When Does a Judge Follow Policy Versus Follow Law?

Dr. Baum:


One of the things that would be helpful in answering the question is if we knew what, empirically, a "policy view" is. Let's say one lawyer believes the constitution allows an abortion and the other doesn't. If a judge is asked to decide this case, what is an example of one using a "policy view" versus using a "legal view," or using a hybrid?  Because it seems to me that this whole way of talking actually does something that it doesn't advertise: it sets forth a normative criteria for "legal." It says, e.g., that formalism is "legal" but sociological jurisprudence is not. Or that originalism counts, but not living constitutionalism. Or perhaps it says that judges who feel sad when they decide "follow law" while judges who feel joyous do not. All of these suggestions fail, of course, because they seem to want to say that casuistry performed by American judges is sometimes legal and sometimes not. You can't really say this. All that can
properly be said is that some casuistry is GOOD, some not.

What I am saying is that the question is both loaded and normative. It would be like asking whether cooks eat good or bad desserts. And then asking of those who are eat good desserts, whether culinary education helped.

Dworkin suggests that justices seek integrity in their casuistry. Might it not be more honest to ask (of your concern) whether there is authority to say that legal education helps judges develop better integrity in their work product? Or might it be more useful to ask not what "policy views" a judge has, but what epistemology his or her framework displays, and how this can be linked to intellectual development?

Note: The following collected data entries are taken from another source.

lemma (in group) nontrivially_symmetric_sets_subset:
  "nontrivially_symmetric_sets G
     \<subseteq> (\<Union>\<phi>\<in>nontrivial_automorphisms G. inverse_closed_invariant_sets G \<phi>)"
proof (clarsimp simp: nontrivially_symmetric_sets_def)
  fix S \<phi> x y
  assume S: "S \<subseteq> carrier G" "inverse_closed G S" "\<phi> \<in> iso G G" "\<phi> ` S = S"
    and x: "x \<in> carrier G" "\<phi> x \<noteq> x" and y: "y \<in> carrier G" "\<phi> y \<noteq> inv y"
  let ?\<psi> = "restrict \<phi> (carrier G)"
  have "?\<psi> \<in> nontrivial_automorphisms G"
    using S(3) x y by (auto simp: nontrivial_automorphisms_def intro: iso_eq)
  moreover have "?\<psi> ` S = S"
    using S(1,4) by (auto simp: image_def subset_iff)
  then have "S \<in> inverse_closed_invariant_sets G ?\<psi>"
    using S(1,2) by (simp add: inverse_closed_invariant_sets_def)
  ultimately show "\<exists>\<psi>\<in>nontrivial_automorphisms G. S \<in> inverse_closed_invariant_sets G \<psi>"
    by blast
qed

lemma (in comm_group) card_nontrivially_symmetric_sets_le:
  assumes "finite (carrier G)"
  shows "real (card (nontrivially_symmetric_sets G))
           \<le> card (nontrivial_automorphisms G)
             * 2 powr (real (card {x \<in> carrier G. ord x \<le> 2}) / 2 + 11 * real (order G) / 24)"
    (is "_ \<le> _ * 2 powr ?bound")
proof -
  let ?Aut = "nontrivial_automorphisms G"
  have "finite ?Aut"
    using finite_extensional_homs[OF assms assms] by (rule rev_finite_subset)
      (auto simp: nontrivial_automorphisms_def iso_def)
  have "finite (\<Union>\<phi>\<in>?Aut. inverse_closed_invariant_sets G \<phi>)"
    using assms by (rule rev_finite_subset[OF finite_Pow_iff[THEN iffD2]])
      (auto simp: inverse_closed_invariant_sets_def)
  then have "card (nontrivially_symmetric_sets G)
      \<le> card (\<Union>\<phi>\<in>?Aut. inverse_closed_invariant_sets G \<phi>)"
    using nontrivially_symmetric_sets_subset by (rule card_mono)
  also have "\<dots> \<le> (\<Sum>\<phi>\<in>?Aut. card (inverse_closed_invariant_sets G \<phi>))"
    using \<open>finite ?Aut\<close> by (rule card_UN_le)
  finally have "card (nontrivially_symmetric_sets G)
      \<le> (\<Sum>\<phi>\<in>?Aut. card (inverse_closed_invariant_sets G \<phi>))" .
  then have "real (card (nontrivially_symmetric_sets G))
      \<le> (\<Sum>\<phi>\<in>?Aut. real (card (inverse_closed_invariant_sets G \<phi>)))"
    by (metis of_nat_le_iff of_nat_sum)
  also have "\<dots> \<le> (\<Sum>\<phi>\<in>?Aut. 2 powr ?bound)"
  proof (rule sum_mono)
    fix \<phi> assume "\<phi> \<in> ?Aut"
    then interpret group_automorphism G \<phi>
      by unfold_locales (simp add: nontrivial_automorphisms_def)
    show "real (card (inverse_closed_invariant_sets G \<phi>)) \<le> 2 powr ?bound"
      using card_invariant_sets_le comm_group_axioms assms \<open>\<phi> \<in> ?Aut\<close>
      by (simp add: nontrivial_automorphisms_def)
  qed
  finally show ?thesis
    by simp
qed
lemma basis_hom_binom_syz:
  assumes "v \<noteq> w"
  shows "basis_hom k a (binom_syz c v w m) = monom (c * (a v - a w)) (ladd m k)"
proof -
  have e: "lsub (ladd m k) (ladd v' k) = lsub m v'" for v' by (simp add: prod_eq_iff)
  have "basis_hom k a (binom_syz c v w m) (ladd m k) = c * (a v - a w)"
    unfolding basis_hom_eq_sum_over[OF _ binom_syz_support, simplified] e
    using assms by (simp add: binom_syz_apply algebra_simps)
  with homog_eq_monom[OF basis_hom_homog[OF binom_syz_homog]] show ?thesis by metis
qed

lemma basis_hom_finite_supp:
  assumes "x \<in> free_mod q n D"
  shows "finite (supp (basis_hom k a x))"
proof (rule finite_subset)
  let ?U = "\<Union>v\<in>{v. x v \<noteq> ezero}. (\<lambda>u. ladd u (ladd v k)) ` supp (x v)"
  show "finite ?U" using free_modD[OF assms] by (auto intro!: Rring_finite_supp)
  show "supp (basis_hom k a x) \<subseteq> ?U"
  proof
    fix w assume "w \<in> supp (basis_hom k a x)"
    then obtain v where v: "x v \<noteq> ezero" "lsub w (ladd v k) \<in> supp (x v)"
      by (auto simp: supp_def elim: basis_hom_nonzero)
    have "w = ladd (lsub w (ladd v k)) (ladd v k)" by (simp add: prod_eq_iff)
    with v show "w \<in> ?U" by blast
  qed
qed

lemma basis_hom_in_Gamma:
  assumes x: "x \<in> free_mod q n D" and a: "\<forall>v\<in>sec_poly q n D. ladd v k \<notin> sec_poly q n E \<longrightarrow> a v = 0"
  shows "basis_hom k a x \<in> Gamma q n E"
proof -
  have "w \<in> sec_poly q n E" if "w \<in> supp (basis_hom k a x)" for w
  proof -
    from that have "basis_hom k a x w \<noteq> 0" by (simp add: supp_def)
    then obtain v where v: "x v \<noteq> ezero" "a v \<noteq> 0" "x v (lsub w (ladd v k)) \<noteq> 0"
      by (rule basis_hom_nonzero)
    have "ladd v k \<in> sec_poly q n E" using a v(2) free_modD(3)[OF x v(1)] by blast
    moreover have "lsub w (ladd v k) \<in> sigma_dual q n"
      using Rring_supp_sigma_dual[OF free_modD(2)[OF x] v(3)] .
    ultimately show ?thesis using sec_poly_ladd by fastforce
  qed
  thus ?thesis using basis_hom_finite_supp[OF x] by (auto simp: Gamma_def span_on_def)
qed

text \<open>On syzygies a weaker condition suffices: in a degree m + k outside P_E the weight only
  has to be constant on the components dominated by m, since the coefficients of a syzygy in
  each degree sum to zero.\<close>

lemma basis_hom_syz_in_Gamma:
  assumes x: "x \<in> syz q n D"
    and a: "\<And>m. ladd m k \<notin> sec_poly q n E \<Longrightarrow> \<exists>c. \<forall>v\<in>sec_poly q n D. dominates m v \<longrightarrow> a v = c"
  shows "basis_hom k a x \<in> Gamma q n E"
proof -
  have xf: "x \<in> free_mod q n D" and au: "augm x = ezero" using x by (auto simp: syz_def)
  have "basis_hom k a x (ladd m k) = 0" if "ladd m k \<notin> sec_poly q n E" for m
  proof -
    from a[OF that] obtain c where c: "\<forall>v\<in>sec_poly q n D. dominates m v \<longrightarrow> a v = c" by blast
    have const: "a v * x v (lsub m v) = c * x v (lsub m v)" for v
      using c free_entry_dominates[OF xf, of v "lsub m v"] by (cases "x v (lsub m v) = 0") auto
    have "basis_hom k a x (ladd m k) = (\<Sum>v\<in>{v. x v \<noteq> ezero}. c * x v (lsub m v))"
      unfolding basis_hom_def lsub_ladd by (simp only: const lsub_ladd_cancel_right)
    also have "\<dots> = c * augm x m" by (simp add: augm_def sum_distrib_left)
    finally show ?thesis using au by (simp add: ezero_def)
  qed
  hence "supp (basis_hom k a x) \<subseteq> sec_poly q n E"
    by (auto simp: supp_def) (metis ladd_lsub_cancel lsub_ladd_cancel ladd_def add.commute)
  thus ?thesis using basis_hom_finite_supp[OF xf] by (simp add: Gamma_def span_on_def)
qed

lemma basis_hom_fhom_free:
  assumes "\<forall>v\<in>sec_poly q n D. ladd v k \<notin> sec_poly q n E \<longrightarrow> a v = 0"
  shows "fhom q n (free_mod q n D) (Gamma q n E) k (basis_hom k a)"
  unfolding fhom_def using assms
  by (auto intro: basis_hom_in_Gamma basis_hom_free_add basis_hom_free_act basis_hom_homog)
lemma csp_success_prob_ge:
  fixes C :: "(real^'n::finite) set" and x x' :: "real^'n" and N :: nat
  assumes "finite C" and "card C \<le> N" and "x' \<in> C" and "norm (x - x') \<le> \<delta>"
    and "\<tau>\<^sub>1 > 0" and "0 < \<tau>\<^sub>2" and "\<tau>\<^sub>2 < 1"
  defines "M \<equiv> gauss_matrix :: ('d::finite \<times> 'n \<Rightarrow> real) measure"
    and "d \<equiv> real CARD('d)"
  shows "measure M {f \<in> space M. \<forall>c. csp_minimizer (mat_of f) (mat_of f *v x) C c \<longrightarrow>
                     norm (c - x) \<le> \<delta> * sqrt ((1 + \<tau>\<^sub>1) / (1 - \<tau>\<^sub>2))}
       \<ge> 1 - N * exp (d / 2 * (\<tau>\<^sub>2 + ln (1 - \<tau>\<^sub>2))) - exp (- d / 2 * (\<tau>\<^sub>1 - ln (1 + \<tau>\<^sub>1)))"
    (is "measure M ?success \<ge> _")
proof -
  interpret prob_space M unfolding M_def by (rule prob_space_gauss_matrix)
  define Y where "Y w f = (norm (mat_of f *v w))\<^sup>2" for w :: "real^'n" and f :: "'d \<times> 'n \<Rightarrow> real"
  have [measurable]: "Y w \<in> borel_measurable M" for w
    unfolding Y_def[abs_def] M_def by (rule borel_measurable_norm_mat_of_mult_sq)
  define shrunk where "shrunk = (\<Union>c\<in>C - {x}.
      {f \<in> space M. Y (c - x) f \<le> (1 - \<tau>\<^sub>2) * d * (norm (c - x))\<^sup>2})"
  define stretched where "stretched =
      {f \<in> space M. (1 + \<tau>\<^sub>1) * d * (norm (x' - x))\<^sup>2 < Y (x' - x) f}"
  have shrunk_sets[measurable]: "shrunk \<in> sets M"
    unfolding shrunk_def using \<open>finite C\<close> by (intro sets.finite_UN) measurable
  have stretched_sets[measurable]: "stretched \<in> sets M"
    unfolding stretched_def by measurable
  have "measure M shrunk \<le> card C * exp (d / 2 * (\<tau>\<^sub>2 + ln (1 - \<tau>\<^sub>2)))"
    using gauss_matrix_union_lower_tail[OF \<open>finite C\<close> assms(6,7)]
    unfolding shrunk_def Y_def M_def d_def .
  also have "\<dots> \<le> N * exp (d / 2 * (\<tau>\<^sub>2 + ln (1 - \<tau>\<^sub>2)))"
    using assms(2) by (simp add: mult_right_mono)
  finally have shrunk: "measure M shrunk \<le> N * exp (d / 2 * (\<tau>\<^sub>2 + ln (1 - \<tau>\<^sub>2)))" .
  have stretched: "measure M stretched \<le> exp (- d / 2 * (\<tau>\<^sub>1 - ln (1 + \<tau>\<^sub>1)))"
    using gauss_matrix_norm_sq_upper_tail[OF \<open>\<tau>\<^sub>1 > 0\<close>] unfolding stretched_def Y_def M_def d_def .
  have "space M - (shrunk \<union> stretched) \<subseteq> ?success"
  proof (safe)
    fix f c assume f: "f \<in> space M" "f \<notin> shrunk" "f \<notin> stretched"
      and c: "csp_minimizer (mat_of f) (mat_of f *v x) C c"
    then have "c \<in> C" by (simp add: csp_minimizer_def)
    then have "(1 - \<tau>\<^sub>2) * d * (norm (c - x))\<^sup>2 \<le> (norm (mat_of f *v (c - x)))\<^sup>2"
      using f by (cases "c = x") (auto simp: shrunk_def Y_def not_le intro: less_imp_le)
    with c f show "norm (c - x) \<le> \<delta> * sqrt ((1 + \<tau>\<^sub>1) / (1 - \<tau>\<^sub>2))"
      using assms(3-7) by (intro csp_minimizer_error_le[where d=d and x'=x'])
        (auto simp: stretched_def Y_def d_def)
  qed
  moreover have "?success \<in> sets M"
    unfolding M_def by (rule sets_csp_success_event[OF \<open>finite C\<close>])
  ultimately have "measure M (space M - (shrunk \<union> stretched)) \<le> measure M ?success"
    by (intro finite_measure_mono)
  moreover have "measure M (space M - (shrunk \<union> stretched)) \<ge> 1 - measure M shrunk - measure M stretched"
    using measure_Un_le[OF shrunk_sets stretched_sets] by (simp add: prob_compl)
  ultimately show ?thesis
    using shrunk stretched by linarith
qed

theorem theorem1:
  fixes Q :: "(real^'n) set" and E :: "real^'n \<Rightarrow> nat" and D :: "nat \<Rightarrow> real^'n"
    and r :: nat and x\<^sub>o :: "real^'n" and \<tau>\<^sub>1 \<tau>\<^sub>2 :: real
  assumes "compact Q"
    and "\<forall>x\<in>Q. E x \<in> {1..2^r}"
    and "x\<^sub>o \<in> Q"
    and "\<tau>\<^sub>1 > 0" and "0 < \<tau>\<^sub>2" and "\<tau>\<^sub>2 < 1"
  shows "let C = codebook Q E D; \<delta> = distortion Q E D; d = real CARD('d);
             M = (gauss_matrix :: ('d::finite \<times> 'n \<Rightarrow> real) measure);
             ev = {f \<in> space M. \<forall>c. csp_minimizer (mat_of f) (mat_of f *v x\<^sub>o) C c \<longrightarrow>
                     norm (c - x\<^sub>o) \<le> \<delta> * sqrt ((1 + \<tau>\<^sub>1) / (1 - \<tau>\<^sub>2))}
         in ev \<in> sets M \<and>
            measure M ev \<ge> 1 - 2^r * exp (d / 2 * (\<tau>\<^sub>2 + ln (1 - \<tau>\<^sub>2)))
                               - exp (- d / 2 * (\<tau>\<^sub>1 - ln (1 + \<tau>\<^sub>1)))"
proof -
  define C where "C = codebook Q E D"
  have "finite C"
    unfolding C_def using codebook_subset[OF assms(2)] by (rule finite_subset) simp
  have "card C \<le> 2 ^ r"
    unfolding C_def using card_codebook_le[OF assms(2)] by simp
  have "D (E x\<^sub>o) \<in> C"
    unfolding C_def codebook_def using assms(3) by blast
  have "norm (x\<^sub>o - D (E x\<^sub>o)) \<le> distortion Q E D"
  proof (rule norm_diff_le_distortion)
    have "E ` Q \<subseteq> {1..2^r}" using assms(2) by blast
    then show "finite (E ` Q)" by (rule finite_subset) simp
  qed (use assms(1,3) compact_imp_bounded in auto)
  note success_prob = csp_success_prob_ge[where 'd='d,
      OF \<open>finite C\<close> \<open>card C \<le> 2 ^ r\<close> \<open>D (E x\<^sub>o) \<in> C\<close> this assms(4-6)]
  show ?thesis
    unfolding Let_def C_def[symmetric]
    using sets_csp_success_event[OF \<open>finite C\<close>] success_prob
    unfolding of_nat_power of_nat_numeral by (rule conjI)
qed

end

Your work, of course, is probably the best political science ever produced on the subject of jurisprudence (I don't call it behaviorism in this context). Indeed, one could read Ronald Dworkin and then Larry Baum and not subject the the mind to any major confusion. I remember once feeling this way in graduate school.  But there still is the nagging question of why one should not encourage political science to: (a) stop chasing evidence of ghosts; and (b) start using language sets that are more useful.

There is no such thing as a "policy judge" because there is no such thing as an illegal opinion. There is only good and bad casuistry. The only thing one could ever look for is integrity in the product.